1. A 601 kg car stopped at an intersection is rear-ended by a 1880 kg truck moving with a speed of 14.5 m/s. If the car was in neutral and its brakes were off, so that the collision is approximately elastic, find the final speed of both vehicles after the collision.
_____________m/s (car)
_____________m/s (truck)
2.An explosion breaks an object into two pieces, one of which has 1.80 times the mass of the other. If 7800 J were released in the explosion, how much kinetic energy did each piece acquire?
heavier piece
_________J
lighter piece
____________ J
1. M1 = 601 kg, V1 = 0.
M2 = 1880 kg, V2 = 14.5 m/s.
M1*V1+M2*V2 = M1*V3+M2*V4.
601*0+1880*14.5 = 601*V3+1880*V4,
Eq1: 601V3+1880V4 = 27,260,
V3 = ((M1-M2)V1 + 2M2*V2)/(M1+M2).
V3 = ((601-1880)0 + 3760*14.5)/(601+1880) = 54,520/2481 = 22 m/s.
In Eq1, replace V3 with 22 and solve for V4.
To solve these problems, we can use the principles of conservation of momentum and conservation of kinetic energy.

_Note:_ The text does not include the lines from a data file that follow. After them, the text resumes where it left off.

(* Let $n$ be a positive even integer, $Q=[-1,1]^2$, $C_n=\frac{8}{(n+2)(n+3)}$, and let $MP_n=\{(x_m,y_{m,k}) : m=1,\dots,n+1,\ k=1,\dots,\tfrac n2+1\}$ be the Morrow-Patterson points, where $x_m=\cos\frac{m\pi}{n+2}$ and $y_{m,k}=\cos\frac{2k\pi}{n+3}$ if $m$ is odd, $y_{m,k}=\cos\frac{(2k-1)\pi}{n+3}$ if $m$ is even. Then: (i) For every polynomial $p\in\mathbb{P}^2_{2n}$, $$\frac{4}{\pi^2}\int_Q p(x,y)\sqrt{1-x^2}\sqrt{1-y^2}\,dx\,dy = C_n\sum_{m=1}^{n+1}\sum_{k=1}^{\frac n2+1}(1-x_m^2)(1-y_{m,k}^2)\,p(x_m,y_{m,k}).$$ (ii) Consequently, if $\omega_{m,k}$ is defined by $\frac{1}{\omega_{m,k}}=\sum_{i=0}^n\sum_{j=0}^{n-i}U_i^2(x_m)U_j^2(y_{m,k})$, then $\omega_{m,k}=C_n(1-x_m^2)(1-y_{m,k}^2)$. (iii) The projection $\mathcal C(Q)\to\mathbb{P}^2_n$ with respect to the discrete inner product $(u,v)_\star=\frac{\pi^2}{4}\sum_{m,k}\omega_{m,k}u(x_m,y_{m,k})v(x_m,y_{m,k})$ is an interpolation operator with nodes $MP_n$: for $f\in\mathcal C(Q)$ the polynomial $$L_nf(x,y)=C_n\sum_{m=1}^{n+1}\sum_{k=1}^{\frac n2+1}(1-x_m^2)(1-y_{m,k}^2)f(x_m,y_{m,k})\sum_{i=0}^n\sum_{j=0}^{n-i}U_i(x_m)U_j(y_{m,k})U_i(x)U_j(y)$$ satisfies $L_nf(x_m,y_{m,k})=f(x_m,y_{m,k})$ for all $m,k$. (iv) The Lebesgue function of interpolation at $MP_n$ is $$\lambda_n(x,y)=C_n\sum_{m=1}^{n+1}\sum_{k=1}^{\frac n2+1}(1-x_m^2)(1-y_{m,k}^2)\Big|\sum_{i=0}^n\sum_{j=0}^{n-i}U_i(x_m)U_j(y_{m,k})U_i(x)U_j(y)\Big|.$$
   Context: $\mathbb{P}^2_d$ is the space of real bivariate polynomials of total degree at most $d$; $\mathcal C(Q)$ is the space of continuous real functions on $Q$. $U_j$ is the Chebyshev polynomial of the second kind of degree $j$, $U_j(\cos\theta)=\frac{\sin((j+1)\theta)}{\sin\theta}$. The set $MP_n$ has $\binom{n+2}{2}=\dim\mathbb{P}^2_n$ points. The Lebesgue function of interpolation at a unisolvent node set $\{a_s\}$ for $\mathbb{P}^2_n$ is $\lambda(x,y)=\sum_s|\ell_s(x,y)|$, where $\ell_s\in\mathbb{P}^2_n$ are the Lagrange basis polynomials ($\ell_s(a_t)=\delta_{st}$). *)

theory Defs
  imports "HOL-Analysis.Analysis"
begin

text \<open>Chebyshev polynomials of the second kind, U_0 = 1, U_1 = 2x,
  U_{j+2} = 2x U_{j+1} - U_j (so that U_j(cos t) = sin((j+1)t)/sin t).\<close>
fun chebU :: "nat \<Rightarrow> real \<Rightarrow> real" where
  "chebU 0 x = 1"
| "chebU (Suc 0) x = 2 * x"
| "chebU (Suc (Suc j)) x = 2 * x * chebU (Suc j) x - chebU j x"

definition poly2 :: "nat \<Rightarrow> (real \<times> real \<Rightarrow> real) set" where
  "poly2 d = {p. \<exists>c :: nat \<Rightarrow> nat \<Rightarrow> real.
      \<forall>x y. p (x, y) = (\<Sum>i\<le>d. \<Sum>j\<le>d - i. c i j * x ^ i * y ^ j)}"

definition Q :: "(real \<times> real) set" where
  "Q = cbox (-1, -1) (1, 1)"

definition Cn :: "nat \<Rightarrow> real" where
  "Cn n = 8 / ((real n + 2) * (real n + 3))"

definition MP_idx :: "nat \<Rightarrow> (nat \<times> nat) set" where
  "MP_idx n = {1..n+1} \<times> {1..n div 2 + 1}"

definition MP_x :: "nat \<Rightarrow> nat \<Rightarrow> real" where
  "MP_x n m = cos (real m * pi / (real n + 2))"

definition MP_y :: "nat \<Rightarrow> nat \<Rightarrow> nat \<Rightarrow> real" where
  "MP_y n m k = (if odd m then cos (2 * real k * pi / (real n + 3))
                 else cos ((2 * real k - 1) * pi / (real n + 3)))"

definition MP_node :: "nat \<Rightarrow> nat \<times> nat \<Rightarrow> real \<times> real" where
  "MP_node n s = (MP_x n (fst s), MP_y n (fst s) (snd s))"

definition Kn :: "nat \<Rightarrow> real \<times> real \<Rightarrow> real \<times> real \<Rightarrow> real" where
  "Kn n a z = (\<Sum>i\<le>n. \<Sum>j\<le>n - i.
      chebU i (fst a) * chebU j (snd a) * chebU i (fst z) * chebU j (snd z))"

definition omega :: "nat \<Rightarrow> nat \<times> nat \<Rightarrow> real" where
  "omega n s = 1 / (\<Sum>i\<le>n. \<Sum>j\<le>n - i.
      (chebU i (fst (MP_node n s)))\<^sup>2 * (chebU j (snd (MP_node n s)))\<^sup>2)"

definition dip :: "nat \<Rightarrow> (real \<times> real \<Rightarrow> real) \<Rightarrow> (real \<times> real \<Rightarrow> real) \<Rightarrow> real" where
  "dip n u v = pi\<^sup>2 / 4 * (\<Sum>s\<in>MP_idx n. omega n s * u (MP_node n s) * v (MP_node n s))"

definition Ln :: "nat \<Rightarrow> (real \<times> real \<Rightarrow> real) \<Rightarrow> real \<times> real \<Rightarrow> real" where
  "Ln n f z = Cn n * (\<Sum>s\<in>MP_idx n.
      (1 - (fst (MP_node n s))\<^sup>2) * (1 - (snd (MP_node n s))\<^sup>2) * f (MP_node n s)
      * Kn n (MP_node n s) z)"

definition lagrange_basis :: "nat \<Rightarrow> (nat \<times> nat \<Rightarrow> real \<times> real \<Rightarrow> real) \<Rightarrow> bool" where
  "lagrange_basis n l \<longleftrightarrow> (\<forall>s\<in>MP_idx n. l s \<in> poly2 n) \<and>
     (\<forall>s\<in>MP_idx n. \<forall>t\<in>MP_idx n. l s (MP_node n t) = (if s = t then 1 else 0))"

definition lebesgue_fun :: "nat \<Rightarrow> (nat \<times> nat \<Rightarrow> real \<times> real \<Rightarrow> real) \<Rightarrow> real \<times> real \<Rightarrow> real" where
  "lebesgue_fun n l z = (\<Sum>s\<in>MP_idx n. \<bar>l s z\<bar>)"

end

theory Submission
  imports Defs "Jordan_Normal_Form.Determinant"
begin

text \<open>
  Substituting \<open>x = cos \<theta>\<close> turns \<open>(1 - x\<^sup>2) U\<^sub>i(x) U\<^sub>i\<^sub>'(x)\<close> into
  \<open>sin ((i+1)\<theta>) sin ((i'+1)\<theta>)\<close>. The Morrow-Patterson nodes are exactly the points
  \<open>(cos (m\<pi>/(n+2)), cos (l\<pi>/(n+3)))\<close> with \<open>m + l\<close> odd, so every node sum of a product of
  Chebyshev polynomials, weighted by \<open>w = C\<^sub>n (1 - x\<^sup>2)(1 - y\<^sup>2)\<close>, splits into products of
  one-dimensional sums \<open>\<Sum>\<^sub>m sin (a m\<pi>/N) sin (c m\<pi>/N)\<close> and their alternating versions,
  which have a closed form. This gives exactness of the cubature on the tensor basis
  \<open>U\<^sub>i(x) U\<^sub>j(y)\<close>, \<open>i + j \<le> 2n\<close> (hence (i): both sides only see the constant
  coefficient), and discrete orthonormality of this basis for \<open>i + j \<le> n\<close>. As there are as
  many nodes as basis functions, the orthonormality matrix is square, so its left inverse is also
  a right inverse: \<open>w\<^sub>t K\<^sub>n(a\<^sub>t, a\<^sub>s) = \<delta>\<^sub>s\<^sub>t\<close>. This Lagrange property yields
  \<open>\<omega> = w\<close>, the interpolation property of \<open>L\<^sub>n\<close> and the Lebesgue function.
\<close>

section \<open>Chebyshev polynomials of the second kind\<close>

lemma nat_two_step_induct [case_names 0 1 step]:
  assumes "P 0" and "P (Suc 0)" and "\<And>j. P j \<Longrightarrow> P (Suc j) \<Longrightarrow> P (Suc (Suc j))"
  shows "P n"
proof -
  have "P n \<and> P (Suc n)" by (induction n) (use assms in auto)
  then show ?thesis ..
qed

lemma chebU_cos_times_sin: "chebU j (cos t) * sin t = sin (real (Suc j) * t)"
proof (induction j rule: nat_two_step_induct)
  case 0
  show ?case by simp
next
  case 1
  show ?case by (simp add: sin_double)
next
  case (step j)
  define a where "a = real (Suc (Suc j)) * t"
  have "chebU (Suc (Suc j)) (cos t) * sin t
      = 2 * cos t * (chebU (Suc j) (cos t) * sin t) - chebU j (cos t) * sin t"
    by (simp add: algebra_simps)
  also have "\<dots> = 2 * cos t * sin a - sin (a - t)"
    using step by (simp add: a_def algebra_simps)
  also have "\<dots> = sin (a + t)"
    by (simp add: sin_add sin_diff)
  finally show ?case
    by (simp add: a_def algebra_simps)
qed

lemma one_minus_cos_sq_chebU_chebU:
  "(1 - (cos t)\<^sup>2) * (chebU i (cos t) * chebU i' (cos t)) = sin (real (Suc i) * t) * sin (real (Suc i') * t)"
proof -
  have "1 - (cos t)\<^sup>2 = sin t * sin t"
    using sin_squared_eq[of t] by (simp add: power2_eq_square)
  then have "(1 - (cos t)\<^sup>2) * (chebU i (cos t) * chebU i' (cos t))
      = (chebU i (cos t) * sin t) * (chebU i' (cos t) * sin t)"
    by (simp add: ac_simps)
  then show ?thesis
    by (simp only: chebU_cos_times_sin)
qed

definition span_upto :: "(nat \<Rightarrow> 'a \<Rightarrow> real) \<Rightarrow> nat \<Rightarrow> ('a \<Rightarrow> real) set" where
  "span_upto \<psi> i = {f. \<exists>e. \<forall>x. f x = (\<Sum>k\<le>i. e k * \<psi> k x)}"

lemma span_uptoI: "(\<And>x. f x = (\<Sum>k\<le>i. e k * \<psi> k x)) \<Longrightarrow> f \<in> span_upto \<psi> i"
  unfolding span_upto_def by blast

lemma span_upto_add:
  assumes "f \<in> span_upto \<psi> i" and "g \<in> span_upto \<psi> i"
  shows "(\<lambda>x. f x + g x) \<in> span_upto \<psi> i"
proof -
  obtain e1 e2 where "\<forall>x. f x = (\<Sum>k\<le>i. e1 k * \<psi> k x)" and "\<forall>x. g x = (\<Sum>k\<le>i. e2 k * \<psi> k x)"
    using assms unfolding span_upto_def by blast
  then show ?thesis
    by (intro span_uptoI[where e = "\<lambda>k. e1 k + e2 k"]) (simp add: sum.distrib algebra_simps)
qed

lemma span_upto_scale:
  assumes "f \<in> span_upto \<psi> i"
  shows "(\<lambda>x. a * f x) \<in> span_upto \<psi> i"
proof -
  obtain e where "\<forall>x. f x = (\<Sum>k\<le>i. e k * \<psi> k x)"
    using assms unfolding span_upto_def by blast
  then show ?thesis
    by (intro span_uptoI[where e = "\<lambda>k. a * e k"]) (simp add: sum_distrib_left ac_simps)
qed

lemma span_upto_sum:
  "finite A \<Longrightarrow> (\<And>a. a \<in> A \<Longrightarrow> f a \<in> span_upto \<psi> i) \<Longrightarrow> (\<lambda>x. \<Sum>a\<in>A. f a x) \<in> span_upto \<psi> i"
proof (induction A rule: finite_induct)
  case empty
  show ?case by (simp add: span_uptoI[where e = "\<lambda>_. 0"])
next
  case (insert a A)
  then show ?case using span_upto_add[of "f a" \<psi> i] by simp
qed

lemma span_upto_mono:
  assumes "f \<in> span_upto \<psi> i" and "i \<le> i'"
  shows "f \<in> span_upto \<psi> i'"
proof -
  obtain e where e: "\<forall>x. f x = (\<Sum>k\<le>i. e k * \<psi> k x)"
    using assms unfolding span_upto_def by blast
  have "{..i'} \<inter> {k. k \<le> i} = {..i}" using assms(2) by auto
  then have "f x = (\<Sum>k\<le>i'. (if k \<le> i then e k else 0) * \<psi> k x)" for x
    by (simp add: e if_distrib[of "\<lambda>c. c * _"] sum.If_cases)
  then show ?thesis by (rule span_uptoI)
qed

lemma span_upto_basis: "k \<le> i \<Longrightarrow> \<psi> k \<in> span_upto \<psi> i"
  by (rule span_uptoI[where e = "\<lambda>j. if j = k then 1 else 0"])
     (simp add: if_distrib[of "\<lambda>c. c * _"] cong: if_cong)

lemma span_upto_monomials_times_x:
  assumes "f \<in> span_upto (\<lambda>k x. x ^ k) i"
  shows "(\<lambda>x. x * f x) \<in> span_upto (\<lambda>k x. x ^ k) (Suc i)"
proof -
  obtain e where "\<forall>x. f x = (\<Sum>k\<le>i. e k * x ^ k)"
    using assms unfolding span_upto_def by blast
  then show ?thesis
    by (intro span_uptoI[where e = "\<lambda>k. if k = 0 then 0 else e (k - 1)"])
       (simp add: sum.atMost_Suc_shift sum_distrib_left algebra_simps del: sum.atMost_Suc)
qed

lemma chebU_in_span_monomials: "chebU j \<in> span_upto (\<lambda>k x. x ^ k) j"
proof (induction j rule: nat_two_step_induct)
  case 0
  show ?case by (rule span_uptoI[where e = "\<lambda>_. 1"]) simp
next
  case 1
  show ?case using span_upto_scale[OF span_upto_basis[of 1 1 "\<lambda>k x. x ^ k"], of 2]
    by (simp add: fun_eq_iff)
next
  case (step j)
  have "(\<lambda>x. 2 * (x * chebU (Suc j) x)) \<in> span_upto (\<lambda>k x. x ^ k) (Suc (Suc j))"
    by (rule span_upto_scale, rule span_upto_monomials_times_x, rule step(2))
  moreover have "(\<lambda>x. (-1) * chebU j x) \<in> span_upto (\<lambda>k x. x ^ k) (Suc (Suc j))"
    by (rule span_upto_scale, rule span_upto_mono[OF step(1)]) simp
  moreover have "chebU (Suc (Suc j)) = (\<lambda>x. 2 * (x * chebU (Suc j) x) + (-1) * chebU j x)"
    by (simp add: fun_eq_iff)
  ultimately show ?case
    by (simp only: span_upto_add)
qed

1. Final Speeds of Car and Truck after Collision:
To find the final speeds of the car and truck after the collision, we need to use the conservation of momentum equation.
According to the law of conservation of momentum, the total momentum before the collision is equal to the total momentum after the collision, assuming no external forces act on the system.
Total momentum before collision = Total momentum after collision
Momentum (P) = mass (m) x velocity (v)
For the car: m1 = 601 kg (mass), v1 = 0 (initial velocity), v1' (final velocity - to be found)
For the truck: m2 = 1880 kg (mass), v2 = 14.5 m/s (initial velocity), v2' (final velocity - to be found)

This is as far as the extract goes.